What ann said. What do you mean by 'so so'? Low contrast? No deep blacks? No clean highlights? Poor definition?


----------



## kabory (Sep 18, 2011)

ann said:


> Would need a lot more information.
> 
> Which paper, which grade, which developer, fstop and times for exposure.
> 
> Enlargers are basically the same, at least in concept. Some are better , meaning more stable able to do more formats.I would have opt for the d5xl for that reason alone.

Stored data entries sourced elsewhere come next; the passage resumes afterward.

lemma mat_delete_submatrix:
  assumes X: "X \<in> carrier_mat nr nc" and I: "I \<subseteq> {..<nr}" and J: "J \<subseteq> {..<nc}"
    and p: "p < card I" and q: "q < card J"
  shows "mat_delete (submatrix X I J) p q = submatrix X (I - {pick I p}) (J - {pick J q})"
proof -
  have I': "I - {pick I p} \<subseteq> {..<nr}" and J': "J - {pick J q} \<subseteq> {..<nc}" using I J by auto
  have cI: "card (I - {pick I p}) = card I - 1" using pick_in_set[of p I] p by (simp add: card_Diff_singleton_if)
  have cJ: "card (J - {pick J q}) = card J - 1" using pick_in_set[of q J] q by (simp add: card_Diff_singleton_if)
  show ?thesis
  proof (rule eq_matI)
    fix a b assume "a < dim_row (submatrix X (I - {pick I p}) (J - {pick J q}))"
      "b < dim_col (submatrix X (I - {pick I p}) (J - {pick J q}))"
    then have a: "a < card I - 1" and b: "b < card J - 1"
      using submatrix_carrier_mat[OF X I' J'] cI cJ by auto
    have "mat_delete (submatrix X I J) p q $$ (a, b)
        = submatrix X I J $$ (if a < p then a else Suc a, if b < q then b else Suc b)"
      using submatrix_carrier_mat[OF X I J] a b unfolding mat_delete_def by auto
    also have "\<dots> = X $$ (pick (I - {pick I p}) a, pick (J - {pick J q}) b)"
      using a b by (simp add: submatrix_index_subset[OF X I J] pick_Diff_pick[OF p] pick_Diff_pick[OF q])
    also have "\<dots> = submatrix X (I - {pick I p}) (J - {pick J q}) $$ (a, b)"
      using a b cI cJ by (simp add: submatrix_index_subset[OF X I' J'])
    finally show "mat_delete (submatrix X I J) p q $$ (a, b) = submatrix X (I - {pick I p}) (J - {pick J q}) $$ (a, b)" .
  qed (use submatrix_carrier_mat[OF X I J] submatrix_carrier_mat[OF X I' J'] cI cJ in auto)
qed

lemma submatrix_four_block_mat:
  assumes A: "A \<in> carrier_mat nr1 nc1" and B: "B \<in> carrier_mat nr1 nc2"
    and C: "C \<in> carrier_mat nr2 nc1" and D: "D \<in> carrier_mat nr2 nc2"
    and L: "L \<subseteq> {..<nr1}" and L': "L' \<subseteq> {..<nc1}" and H: "H \<subseteq> {..<nr2}" and H': "H' \<subseteq> {..<nc2}"
  shows "submatrix (four_block_mat A B C D) (L \<union> (+) nr1 ` H) (L' \<union> (+) nc1 ` H')
    = four_block_mat (submatrix A L L') (submatrix B L H') (submatrix C H L') (submatrix D H H')"
    (is "submatrix ?X ?I ?J = four_block_mat ?A ?B ?C ?D")
proof -
  have fin: "finite H" "finite H'" using H H' finite_subset by auto
  have X: "?X \<in> carrier_mat (nr1 + nr2) (nc1 + nc2)" using A D by simp
  have I: "?I \<subseteq> {..<nr1 + nr2}" and J: "?J \<subseteq> {..<nc1 + nc2}" using L L' H H' by auto
  have cI: "card ?I = card L + card H" and cJ: "card ?J = card L' + card H'"
    using card_Un_shift[OF L fin(1)] card_Un_shift[OF L' fin(2)] .
  have subs: "?A \<in> carrier_mat (card L) (card L')" "?B \<in> carrier_mat (card L) (card H')"
    "?C \<in> carrier_mat (card H) (card L')" "?D \<in> carrier_mat (card H) (card H')"
    using submatrix_carrier_mat A B C D L L' H H' by blast+
  show ?thesis
  proof (rule eq_matI)
    fix a b assume "a < dim_row (four_block_mat ?A ?B ?C ?D)" "b < dim_col (four_block_mat ?A ?B ?C ?D)"
    then have a: "a < card L + card H" and b: "b < card L' + card H'" using subs by auto
    have bounds: "a < card L \<Longrightarrow> pick L a < nr1" "\<not> a < card L \<Longrightarrow> pick H (a - card L) < nr2"
      "b < card L' \<Longrightarrow> pick L' b < nc1" "\<not> b < card L' \<Longrightarrow> pick H' (b - card L') < nc2"
      using a b by (auto intro!: pick_less_bound[OF L] pick_less_bound[OF H]
        pick_less_bound[OF L'] pick_less_bound[OF H'])
    have "submatrix ?X ?I ?J $$ (a, b) = ?X $$ (pick ?I a, pick ?J b)"
      using a b cI cJ by (simp add: submatrix_index_subset[OF X I J])
    also have "\<dots> = four_block_mat ?A ?B ?C ?D $$ (a, b)"
      using a b A D subs bounds
      by (cases "a < card L"; cases "b < card L'")
        (simp_all add: pick_Un_shift[OF L fin(1) a] pick_Un_shift[OF L' fin(2) b]
          submatrix_index_subset[OF A L L'] submatrix_index_subset[OF B L H']
          submatrix_index_subset[OF C H L'] submatrix_index_subset[OF D H H'])
    finally show "submatrix ?X ?I ?J $$ (a, b) = four_block_mat ?A ?B ?C ?D $$ (a, b)" .
  qed (use submatrix_carrier_mat[OF X I J] cI cJ subs in auto)
qed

Ilford RC paper, Glossy, Kodak D76 developer, 4 fstop, used various times on exposure.  I wish I went with the D5XL also, but I would have to redu the darkroom I already laid out for the enlarger height.  Could have got it for a steal, I tried to purchase it after the C700, but it already sold.


----------



## kabory (Sep 18, 2011)

Helen B said:


> What ann said. What do you mean by 'so so'? Low contrast? No deep blacks? No clean highlights? Poor definition?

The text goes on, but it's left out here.